第一次修正流（First Rectified Flow）的 PDF $p^{(1)}(\mathbf{x}, t)$

在第一次修正流中，軌跡定義爲： $\mathbf{Z}_t = (1-t)\mathbf{Z}_0 + t\mathbf{Z}_1$ 其中：

$\mathbf{Z}_0 \sim \mathcal{N}(\boldsymbol{\mu}_0, \sigma_0^2 \mathbf{I})$
$\mathbf{Z}_1 \sim \mathcal{N}(\boldsymbol{\mu}_1, \sigma_1^2 \mathbf{I})$
$\mathbf{Z}_0$ 和 $\mathbf{Z}_1$ 獨立。

由於 $\mathbf{Z}_t$ 是獨立高斯隨機變量的線性組合，其分佈仍是高斯分佈：

均值： $\mathbb{E}[\mathbf{Z}_t] = (1-t)\boldsymbol{\mu}_0 + t\boldsymbol{\mu}_1 = \boldsymbol{\mu}_t$
方差： $\text{Var}(\mathbf{Z}_t) = (1-t)^2 \text{Var}(\mathbf{Z}_0) + t^2 \text{Var}(\mathbf{Z}_1) = (1-t)^2 \sigma_0^2 + t^2 \sigma_1^2$

因此，PDF 爲： $\boxed{p^{(1)}(\mathbf{x}, t) = \mathcal{N}\left( \mathbf{x} \mid \boldsymbol{\mu}_t, \left[(1-t)^2 \sigma_0^2 + t^2 \sigma_1^2\right] \mathbf{I} \right)}$

第二次修正流（Second Rectified Flow）的 PDF $p^{(2)}(\mathbf{x}, t)$

在第二次修正流中，軌跡定義爲： $\mathbf{Z}_t^{(2)} = (1-t)\mathbf{Z}_0^{(2)} + t\mathbf{Z}_1^{(2)}$ 其中：

$\mathbf{Z}_0^{(2)} \sim \mathcal{N}(\boldsymbol{\mu}_0, \sigma_0^2 \mathbf{I})$
$\mathbf{Z}_1^{(2)} = \boldsymbol{\mu}_1 + \dfrac{\sigma_1}{\sigma_0} (\mathbf{Z}_0^{(2)} - \boldsymbol{\mu}_0)$（線性映射）
$\mathbf{Z}_0^{(2)}$ 和 $\mathbf{Z}_1^{(2)}$ 線性相關（非獨立）。

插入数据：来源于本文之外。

lemma eventually_eq_of_branches:
  fixes f g h :: "'a \<Rightarrow> 'b::metric_space"
  assumes "(f \<longlongrightarrow> c) F" "(h \<longlongrightarrow> c') F" "c \<noteq> c'" "\<forall>\<^sub>F y in F. f y = g y \<or> f y = h y"
  shows "\<forall>\<^sub>F y in F. f y = g y"
proof -
  have "((\<lambda>y. dist (f y) (h y)) \<longlongrightarrow> dist c c') F"
    using assms(1,2) by (rule tendsto_dist)
  then have "\<forall>\<^sub>F y in F. dist (f y) (h y) > 0"
    by (rule order_tendstoD) (simp add: assms(3))
  with assms(4) show ?thesis
    by eventually_elim auto
qed

lemma square_offset_in_open_segment:
  fixes q :: complex
  assumes "q \<noteq> 0" "r > 0"
  obtains s where "s \<in> ball 0 r" "s \<noteq> 0" "q + s\<^sup>2 \<in> open_segment 0 q"
proof -
  define \<tau> where "\<tau> = min (1/2) (r\<^sup>2 / (2 * norm q))"
  have \<tau>: "0 < \<tau>" "\<tau> < 1"
    using assms by (auto simp: \<tau>_def)
  have "\<tau> * norm q \<le> r\<^sup>2 / (2 * norm q) * norm q"
    by (rule mult_right_mono) (auto simp: \<tau>_def)
  also have "\<dots> < r\<^sup>2"
    using assms by simp
  finally have \<tau>q: "\<tau> * norm q < r\<^sup>2" .
  define s where "s = csqrt (- (of_real \<tau> * q))"
  have s2: "s\<^sup>2 = - (of_real \<tau> * q)"
    by (simp add: s_def)
  have "(norm s)\<^sup>2 < r\<^sup>2"
    using \<tau> \<tau>q by (simp add: s2 flip: norm_power) (simp add: norm_mult)
  then have "s \<in> ball 0 r"
    using assms(2) by (simp add: power_less_imp_less_base)
  moreover have "s \<noteq> 0"
    using \<tau>(1) assms(1) s2 by auto
  moreover have "q + s\<^sup>2 = of_real (1 - \<tau>) * q"
    by (simp add: s2 algebra_simps)
  then have "q + s\<^sup>2 \<in> open_segment 0 q"
    unfolding in_segment(2) using assms(1) \<tau>
    by (intro conjI exI[where x = "1 - \<tau>"]) (auto simp: scaleR_conv_of_real)
  ultimately show ?thesis
    using that by blast
qed

lemma isCont_Arccos_1: "isCont Arccos 1"
proof -
  have "((\<lambda>A. csqrt (1 - A\<^sup>2)) \<longlongrightarrow> 0) (at (1::complex))"
    by (rule tendsto_norm_zero_cancel) (auto intro!: tendsto_eq_intros)
  then have "((\<lambda>A. A + \<i> * csqrt (1 - A\<^sup>2)) \<longlongrightarrow> 1) (at (1::complex))"
    by (auto intro!: tendsto_eq_intros)
  moreover have "isCont Ln (1::complex)"
    by (rule continuous_at_Ln) (simp add: complex_nonpos_Reals_iff)
  ultimately have "((\<lambda>A. - \<i> * Ln (A + \<i> * csqrt (1 - A\<^sup>2))) \<longlongrightarrow> - \<i> * Ln 1) (at (1::complex))"
    by (intro tendsto_mult_left isCont_tendsto_compose[of _ Ln])
  then show ?thesis
    unfolding isCont_def Arccos_def by simp
qed

lemma cos_minus_cos_third_turns:
  fixes a :: complex
  shows "(cos a - cos (a + of_real (2 * pi / 3))) * (cos a - cos (a - of_real (2 * pi / 3)))
           = 3 / 4 * (4 * (cos a)\<^sup>2 - 1)"
proof -
  let ?r = "complex_of_real (sqrt 3)"
  have "cos (complex_of_real (2 * pi / 3)) = - 1 / 2" "sin (complex_of_real (2 * pi / 3)) = ?r / 2"
    by (simp_all only: cos_of_real sin_of_real cos_120 sin_120) simp_all
  then have c: "cos (a + of_real (2 * pi / 3)) = - cos a / 2 - ?r / 2 * sin a"
            "cos (a - of_real (2 * pi / 3)) = - cos a / 2 + ?r / 2 * sin a"
    by (simp_all add: cos_add cos_diff)
  have "(cos a - cos (a + of_real (2 * pi / 3))) * (cos a - cos (a - of_real (2 * pi / 3)))
               = 9 / 4 * (cos a)\<^sup>2 - ?r\<^sup>2 / 4 * (sin a)\<^sup>2"
    unfolding c by (simp add: algebra_simps power2_eq_square)
  also have "?r\<^sup>2 = 3"
    by (metis of_real_numeral of_real_power real_sqrt_pow2 zero_le_numeral)
  also have "9 / 4 * (cos a)\<^sup>2 - 3 / 4 * (sin a)\<^sup>2 = 3 / 4 * (4 * (cos a)\<^sup>2 - 1)"
    by (simp add: sin_squared_eq field_simps)
  finally show ?thesis .
qed
lemma connected_component_chamber:
  assumes y: "y \<in> chamber j"
  shows "connected_component_set (S3 - embed ` \<Union>two_skeleton) y = chamber j"
proof
  show "chamber j \<subseteq> connected_component_set (S3 - embed ` \<Union>two_skeleton) y"
    using y connected_chamber
    by (rule connected_component_maximal) (auto simp: sphere_minus_two_skeleton)
next
  let ?X = "S3 - embed ` \<Union>two_skeleton"
  let ?C = "connected_component_set ?X y"
  let ?B = "\<Union>k\<in>- {j}. min_cone k"
  have "y \<in> ?X" unfolding sphere_minus_two_skeleton using y by blast
  then have "y \<in> ?C" by simp
  then have meets: "min_cone j \<inter> ?C \<noteq> {}" using y by (auto simp: chamber_def)
  have CX: "?C \<subseteq> ?X" by (rule connected_component_subset)
  have cover: "?C \<subseteq> min_cone j \<union> ?B"
  proof
    fix z assume "z \<in> ?C"
    then obtain k where "z \<in> chamber k" using CX unfolding sphere_minus_two_skeleton by blast
    then show "z \<in> min_cone j \<union> ?B" by (cases "k = j") (auto simp: chamber_def)
  qed
  have "min_cone j \<inter> ?B = {}" using disjoint_min_cones by blast
  then have "min_cone j \<inter> ?B \<inter> ?C = {}" by blast
  moreover have "open ?B" using open_min_cone by blast
  ultimately have "?B \<inter> ?C = {}"
    using connectedD[OF connected_connected_component open_min_cone _ _ cover] meets by blast
  then have "?C \<subseteq> min_cone j" using cover by blast
  moreover have "?C \<subseteq> S3" using CX by blast
  ultimately show "?C \<subseteq> chamber j" by (auto simp: chamber_def)
qed

lemma chambers_two_skeleton: "chambers two_skeleton embed = range chamber"
proof (rule set_eqI, rule iffI)
  fix U assume "U \<in> chambers two_skeleton embed"
  then obtain y where y: "y \<in> S3 - embed ` \<Union>two_skeleton"
      "U = connected_component_set (S3 - embed ` \<Union>two_skeleton) y"
    by (auto simp: chambers_def components_iff)
  then obtain j where "y \<in> chamber j" unfolding sphere_minus_two_skeleton by blast
  then show "U \<in> range chamber" using connected_component_chamber y(2) by auto
next
  fix U assume "U \<in> range chamber"
  then obtain j where j: "U = chamber j" by blast
  obtain y where y: "y \<in> chamber j" using chamber_nonempty by blast
  then have "y \<in> S3 - embed ` \<Union>two_skeleton" unfolding sphere_minus_two_skeleton by blast
  then show "U \<in> chambers two_skeleton embed"
    using connected_component_chamber[OF y] j by (auto simp: chambers_def components_iff)
qed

將 $\mathbf{Z}_1^{(2)}$ 代入軌跡公式： $\mathbf{Z}_t^{(2)} = (1-t)\mathbf{Z}_0^{(2)} + t \left[ \boldsymbol{\mu}_1 + \dfrac{\sigma_1}{\sigma_0} (\mathbf{Z}_0^{(2)} - \boldsymbol{\mu}_0) \right]$ 整理得： $\mathbf{Z}_t^{(2)} = \left[(1-t) + t \dfrac{\sigma_1}{\sigma_0}\right] \mathbf{Z}_0^{(2)} + t \boldsymbol{\mu}_1 - t \dfrac{\sigma_1}{\sigma_0} \boldsymbol{\mu}_0$ 這是 $\mathbf{Z}_0^{(2)}$ 的線性變換，因此 $\mathbf{Z}_t^{(2)}$ 仍是高斯分佈：

均值： $\mathbb{E}[\mathbf{Z}_t^{(2)}] = \left[(1-t) + t \dfrac{\sigma_1}{\sigma_0}\right] \boldsymbol{\mu}_0 + t \boldsymbol{\mu}_1 - t \dfrac{\sigma_1}{\sigma_0} \boldsymbol{\mu}_0 = (1-t)\boldsymbol{\mu}_0 + t\boldsymbol{\mu}_1 = \boldsymbol{\mu}_t$
方差： $\text{Var}(\mathbf{Z}_t^{(2)}) = \left[(1-t) + t \dfrac{\sigma_1}{\sigma_0}\right]^2 \text{Var}(\mathbf{Z}_0^{(2)}) = \left[(1-t)\sigma_0 + t\sigma_1\right]^2$

因此，PDF 爲： $\boxed{p^{(2)}(\mathbf{x}, t) = \mathcal{N}\left( \mathbf{x} \mid \boldsymbol{\mu}_t, \left[(1-t)\sigma_0 + t\sigma_1\right]^2 \mathbf{I} \right)}$

關鍵對比

| 屬性 | 第一次修正流 $p^{(1)}(\mathbf{x}, t)$ | 第二次修正流 $p^{(2)}(\mathbf{x}, t)$ | | ——— | ——————————————————————– | ———————————————— | | 分佈類型 | 高斯分佈 | 高斯分佈 | | 均值 | $\boldsymbol{\mu}_t = (1-t)\boldsymbol{\mu}_0 + t\boldsymbol{\mu}_1$ | 同左 | | 方差 | $(1-t)^2 \sigma_0^2 + t^2 \sigma_1^2$ | $[(1-t)\sigma_0 + t\sigma_1]^2$ | | 軌跡線性性 | 非線性（$\sigma_t = \sqrt{(1-t)^2\sigma_0^2 + t^2\sigma_1^2}$） | 線性（$\sigma_t = (1-t)\sigma_0 + t\sigma_1$） | | 數據依賴性 | $\mathbf{Z}_0$ 和 $\mathbf{Z}_1$ 獨立 | $\mathbf{Z}_1^{(2)}$ 由 $\mathbf{Z}_0^{(2)}$ 線性生成 |

物理意義

第一次修正流：
- 方差 $(1-t)^2 \sigma_0^2 + t^2 \sigma_1^2$ 反映獨立高斯的方差疊加效應（非線性）。
- 軌跡彎曲，因爲 $\mathbf{Z}_0$ 和 $\mathbf{Z}_1$ 獨立，插值時噪聲相互疊加。
第二次修正流：
- 方差 $[(1-t)\sigma_0 + t\sigma_1]^2$ 對應線性標準差插值（最優傳輸路徑）。
- 軌跡爲直線，因爲 $\mathbf{Z}_1^{(2)}$ 是 $\mathbf{Z}_0^{(2)}$ 的確定性線性映射，無額外噪聲。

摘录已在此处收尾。